6. “My father would let me practice pitching to him for a long time when he got home from work.”
7. “Even though I had never seen him cry before, my father cried during my wedding because he was going to miss me no longer being at home.”
For me , I would say even though I would use those words of “absence” and “just not there” for my experience of my own father, I would also say that I have received my father’s blessing. For me it first occurred on our wedding day when I was 21. My Dad had a tear in his eyes as he looked straight into my eyes and shook my hand firmly. No words – but that longed for affirmation that “You can do, son. You are a man now, son”. “You have my blessing”.
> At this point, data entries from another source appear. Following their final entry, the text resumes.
lemma orth_proj_unique:
  assumes "subspace V" "y \<in> V" "x - y \<in> orthogonal_comp V"
  shows "orth_proj V x = y"
  unfolding orth_proj_def
proof (rule the_equality)
  show "y \<in> V \<and> x - y \<in> orthogonal_comp V" using assms by auto
  fix z assume z: "z \<in> V \<and> x - z \<in> orthogonal_comp V"
  have "z - y \<in> V" using assms z by (simp add: subspace_diff)
  moreover have "(x - y) - (x - z) \<in> orthogonal_comp V"
    using assms z subspace_orthogonal_comp by (blast intro: subspace_diff)
  ultimately have "(z - y) \<bullet> (z - y) = 0" by (simp add: orthogonal_comp_iff)
  then show "z = y" by simp
qed

lemma Cauchy_minimizing_sequence:
  fixes V :: "'a::real_inner set"
  assumes "convex V" and y: "\<And>n. y n \<in> V"
    and d: "0 \<le> d" "\<And>v. v \<in> V \<Longrightarrow> d \<le> norm (x - v)"
    and approx: "\<And>n. norm (x - y n)^2 \<le> d^2 + 1 / Suc n"
  shows "Cauchy y"
proof (rule metric_CauchyI)
  fix e :: real assume e: "e > 0"
  obtain N where N: "1 / real (Suc N) < e^2 / 4"
    using e by (metis divide_pos_pos nat_approx_posE zero_less_numeral zero_less_power)
  have "dist (y m) (y n) < e" if "m \<ge> N" "n \<ge> N" for m n
  proof -
    have "(1/2) *\<^sub>R (y m + y n) \<in> V"
      using \<open>convex V\<close> y by (simp add: convexD scaleR_add_right)
    then have "2 * d \<le> norm (2 *\<^sub>R (x - (1/2) *\<^sub>R (y m + y n)))"
      using d(2) by simp
    also have "2 *\<^sub>R (x - (1/2) *\<^sub>R (y m + y n)) = (x - y m) + (x - y n)"
      by (simp add: algebra_simps scaleR_2)
    finally have mid: "(2 * d)^2 \<le> norm ((x - y m) + (x - y n))^2"
      using d(1) by (intro power_mono) auto
    have "norm ((x - y m) - (x - y n))^2 + norm ((x - y m) + (x - y n))^2
        = 2 * norm (x - y m)^2 + 2 * norm (x - y n)^2"
      by (simp add: power2_norm_eq_inner inner_diff inner_add inner_commute algebra_simps)
    moreover have "1 / real (Suc m) \<le> 1 / real (Suc N)" "1 / real (Suc n) \<le> 1 / real (Suc N)"
      using that by (auto simp: divide_simps)
    ultimately have "norm (y n - y m)^2 < e^2"
      using mid approx[of m] approx[of n] N by (simp add: power_mult_distrib algebra_simps)
    then show ?thesis
      using e by (simp add: power_less_imp_less_base dist_norm norm_minus_commute)
  qed
  then show "\<exists>M. \<forall>m\<ge>M. \<forall>n\<ge>M. dist (y m) (y n) < e" by blast
qed

lemma nearest_point_exists:
  fixes V :: "'a::{real_inner,complete_space} set"
  assumes "closed V" "convex V" "V \<noteq> {}"
  shows "\<exists>y\<in>V. \<forall>v\<in>V. norm (x - y) \<le> norm (x - v)"
proof -
  define d where "d = infdist x V"
  have d: "0 \<le> d" "\<And>v. v \<in> V \<Longrightarrow> d \<le> norm (x - v)"
    using infdist_le[of _ V x] by (auto simp: d_def dist_norm infdist_nonneg)
  have "\<exists>y\<in>V. norm (x - y) < sqrt (d^2 + 1 / Suc n)" for n
  proof -
    have "d < sqrt (d^2 + 1 / Suc n)"
      by (intro real_less_rsqrt) simp
    then have "Inf (dist x ` V) < sqrt (d^2 + 1 / Suc n)"
      using \<open>V \<noteq> {}\<close> by (simp add: d_def infdist_notempty)
    then obtain y where "y \<in> V" "dist x y < sqrt (d^2 + 1 / Suc n)"
      using \<open>V \<noteq> {}\<close> cInf_lessD[of "dist x ` V"] by blast
    then show ?thesis by (auto simp: dist_norm)
  qed
  then obtain y where y: "\<And>n. y n \<in> V" and y_approx: "\<And>n. norm (x - y n) < sqrt (d^2 + 1 / Suc n)"
    by metis
  have approx: "norm (x - y n)^2 \<le> d^2 + 1 / Suc n" for n
    using y_approx[of n] real_sqrt_le_iff[of "norm (x - y n)^2"] by fastforce
  have "Cauchy y"
    by (rule Cauchy_minimizing_sequence[OF \<open>convex V\<close> y d approx])
  then obtain z where lim: "y \<longlonglongrightarrow> z" using Cauchy_convergent_iff convergent_def by blast
  have "z \<in> V" using \<open>closed V\<close> y lim closed_sequentially by blast
  have "(\<lambda>n. norm (x - y n)^2) \<longlonglongrightarrow> norm (x - z)^2"
    by (intro tendsto_intros lim)
  moreover have "(\<lambda>n. d^2 + 1 / real (Suc n)) \<longlonglongrightarrow> d^2 + 0"
    by (intro tendsto_intros LIMSEQ_inverse_real_of_nat[unfolded inverse_eq_divide])
  ultimately have "norm (x - z)^2 \<le> d^2"
    using approx by (intro LIMSEQ_le) auto
  then have "norm (x - z) \<le> d"
    using d(1) by (simp add: power2_le_iff_abs_le)
  then show ?thesis using \<open>z \<in> V\<close> d(2) by force
qed

lemma nearest_point_orthogonal:
  assumes "subspace V" "y \<in> V" and nearest: "\<And>v. v \<in> V \<Longrightarrow> norm (x - y) \<le> norm (x - v)"
  shows "x - y \<in> orthogonal_comp V"
  unfolding orthogonal_comp_iff
proof (intro ballI)
  fix v assume "v \<in> V"
  show "v \<bullet> (x - y) = 0"
  proof (cases "v = 0")
    case False
    define c where "c = (x - y) \<bullet> v"
    define t where "t = c / (v \<bullet> v)"
    have vv: "v \<bullet> v > 0" using False by simp
    have "y + t *\<^sub>R v \<in> V" using assms \<open>v \<in> V\<close> by (simp add: subspace_add subspace_scale)
    then have "norm (x - y)^2 \<le> norm ((x - y) - t *\<^sub>R v)^2"
      using nearest by (fastforce simp: algebra_simps intro: power_mono)
    also have "\<dots> = norm (x - y)^2 - 2 * t * c + t^2 * (v \<bullet> v)"
      unfolding power2_norm_eq_inner c_def
      by (simp add: inner_diff_left inner_diff_right inner_commute power2_eq_square algebra_simps)
    also have "\<dots> = norm (x - y)^2 - c^2 / (v \<bullet> v)"
      using vv by (simp add: t_def power2_eq_square field_simps)
    finally have "c^2 / (v \<bullet> v) \<le> 0" by simp
    then have "c = 0" using vv by (simp add: divide_le_0_iff)
    then show ?thesis by (simp add: c_def inner_commute)
  qed simp
qed

context
  fixes V :: "'a::{real_inner,complete_space} set"
  assumes closed_subspace_V: "closed_subspace V"
begin

private lemma subspace_V: "subspace V"
  using closed_subspace_V by (simp add: closed_subspace_def)

lemma orth_proj_in: "orth_proj V x \<in> V"
  and orth_proj_residual: "x - orth_proj V x \<in> orthogonal_comp V"
proof -
  have "closed V" "V \<noteq> {}"
    using closed_subspace_V subspace_0[OF subspace_V] by (auto simp: closed_subspace_def)
  then obtain y where y: "y \<in> V" "\<forall>v\<in>V. norm (x - y) \<le> norm (x - v)"
    using nearest_point_exists[OF _ subspace_imp_convex[OF subspace_V]] by metis
  then have "x - y \<in> orthogonal_comp V"
    using nearest_point_orthogonal[OF subspace_V] by blast
  with y have "orth_proj V x = y"
    by (intro orth_proj_unique[OF subspace_V]) auto
  with y \<open>x - y \<in> orthogonal_comp V\<close>
  show "orth_proj V x \<in> V" "x - orth_proj V x \<in> orthogonal_comp V" by auto
qed
lemma AE_avoids_negligible:
  fixes \<mu> :: "'a::euclidean_space measure"
  assumes ac: "absolutely_continuous lborel \<mu>" and sets: "sets \<mu> = sets borel"
    and B: "B \<in> sets borel" and negl: "negligible B"
  shows "AE x in \<mu>. x \<notin> B"
proof (rule AE_not_in)
  have "B \<in> null_sets lborel"
    using negl B null_sets_completion_iff[of B lborel] by (simp add: negligible_iff_null_sets)
  then show "B \<in> null_sets \<mu>"
    using ac sets by (auto simp: absolutely_continuous_def null_sets_def)
qed

lemma (in prob_space) AE_indep_avoids_null_sections:
  assumes indep: "indep_var N Y K X"
    and meas: "{p \<in> space (N \<Otimes>\<^sub>M K). snd p \<in> B (fst p)} \<in> sets (N \<Otimes>\<^sub>M K)"
    and null: "\<And>y. y \<in> space N \<Longrightarrow> AE x in distr M K X. x \<notin> B y"
  shows "AE \<omega> in M. X \<omega> \<notin> B (Y \<omega>)"
proof -
  have Y: "random_variable N Y" and X: "random_variable K X"
    using indep by (auto dest: indep_var_rv1 indep_var_rv2)
  have joint: "distr M N Y \<Otimes>\<^sub>M distr M K X = distr M (N \<Otimes>\<^sub>M K) (\<lambda>\<omega>. (Y \<omega>, X \<omega>))"
    using indep indep_var_distribution_eq by blast
  interpret Y: prob_space "distr M N Y" using Y by (rule prob_space_distr)
  interpret X: prob_space "distr M K X" using X by (rule prob_space_distr)
  interpret pair_prob_space "distr M N Y" "distr M K X" ..
  have "AE y in distr M N Y. AE x in distr M K X. x \<notin> B y"
    using null by (rule AE_I2) simp
  then have "AE p in distr M N Y \<Otimes>\<^sub>M distr M K X. snd p \<notin> B (fst p)"
    using sets.sets_Collect_neg[OF meas]
    by (intro AE_pair_measure) (simp_all add: space_pair_measure cong: sets_pair_measure_cong)
  then have "AE p in distr M (N \<Otimes>\<^sub>M K) (\<lambda>\<omega>. (Y \<omega>, X \<omega>)). snd p \<notin> B (fst p)"
    unfolding joint[symmetric] .
  then show ?thesis
    using meas X Y by (subst (asm) AE_distr_iff) auto
qed

definition scatter_rest :: "nat \<Rightarrow> (nat \<Rightarrow> real^'p) \<Rightarrow> 'p \<Rightarrow> 'p \<Rightarrow> real" where
  "scatter_rest n x j k = (\<Sum>i\<in>{1..<n}. x i $ j * x i $ k)"

lemma Smat_eq_cov_from_first:
  assumes "n \<ge> 1" and "a \<in> idx"
  shows "Smat n x a = cov_from_first (real n) (scatter_rest n x) (x 0) a"
proof -
  have "{..<n} = insert 0 {1..<n}" using assms(1) by auto
  then show ?thesis using assms(2) by (simp add: Smat_def cov_from_first_def scatter_rest_def)
qed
The problem was for me that it took 21 years to know that I had my father’s blessing. Some people never get it. In fact, they get just the opposite. “You will never amount to anything, son”. “You are lazy”. “You are useless”. “That ‘B’ was not good enough. You should have got an ‘A’. “Why can’t you be like Jack. He’s really good at footy…..”.

Oh, the pain this withholding of a fathers blessing creates deep in a person – girl and boy, but especially boy. Oh, the mistakes we parents make and the pain we cause. Oh, the length of time it takes to discover why we are so driven, so busy, so restless, so empty and lonely! All along we have been longing for our father’s blessing.

In steps God. In all the years of dealing with this wound of the absence of a father and his blessing, God has been blessing me. Jesus has given the gift of naming God “Father” to all who repent of their sin and weakness and need and believe in him.

All along the journey of being a man, a complete and fulfilled human being, God is the ever-present Father who invites us to call him “papa” and to seek him, knock on his door, seek his presence, his word, his healing, his love – his blessing. I can tell you that without those words of absolution, gospel grace and especially that word of blessing, I would be an even more wounded man, driven to find what I desperately need from somewhere – in addiction, control, power, achievement in others’ eyes…..

It is true. Brennan Manning, another mentor of mine, believes that the single most important, radical and needed word Jesus ever spoke was, “Abba” (The Signature of Jesus). Jesus allows us to call God, ‘Father’, ‘Papa’. In this intimate relationship of he as Father and we as his sons and daughters, God is pouring out his affirmation and his blessing on us and filling up that chasm we may have between our own fathers and ourselves and our children.

Fathers, we have the calling to be a father. God has given us children. Our single most important task in the 18 + years we will live at close quarters to our children is to give them our blessing.

The single most important message a young son needs to hear from his Dad is “You can do it, son.”, “I believe in you, son”. “You’ve got what it takes, son”.

If you have never received this blessing from your father and it is still possible to receive, seek it from the old man. If it is not possible, then hear your heavenly Father’s blessing on you. It will be enough for you to be the man he created you to be. Take that blessing (‘The Lord bless you and keep you, …….’) whenever you hear it as your heavenly Father saying “You can do it, son”.

What must accompany this single message also is passing on who we are, not just what we know.

Rohr chimes in…” If fathers could pass on their feelings, their excitement, their grief, their touch and the process of their struggles to become authentic men instead of just their dogmatic conclusions to their sons and daughters, I believe that we would have a very different world. There would be less mistrust and anger toward power and maleness, much less need for war and competition,……

Not only that, we would be becoming more like our own Heavenly Father who “carries you as a father carries his son, all the way until you reach a safe place…” (Deuteronomy 1:30).

The blessing of God our heavenly Father be with us all.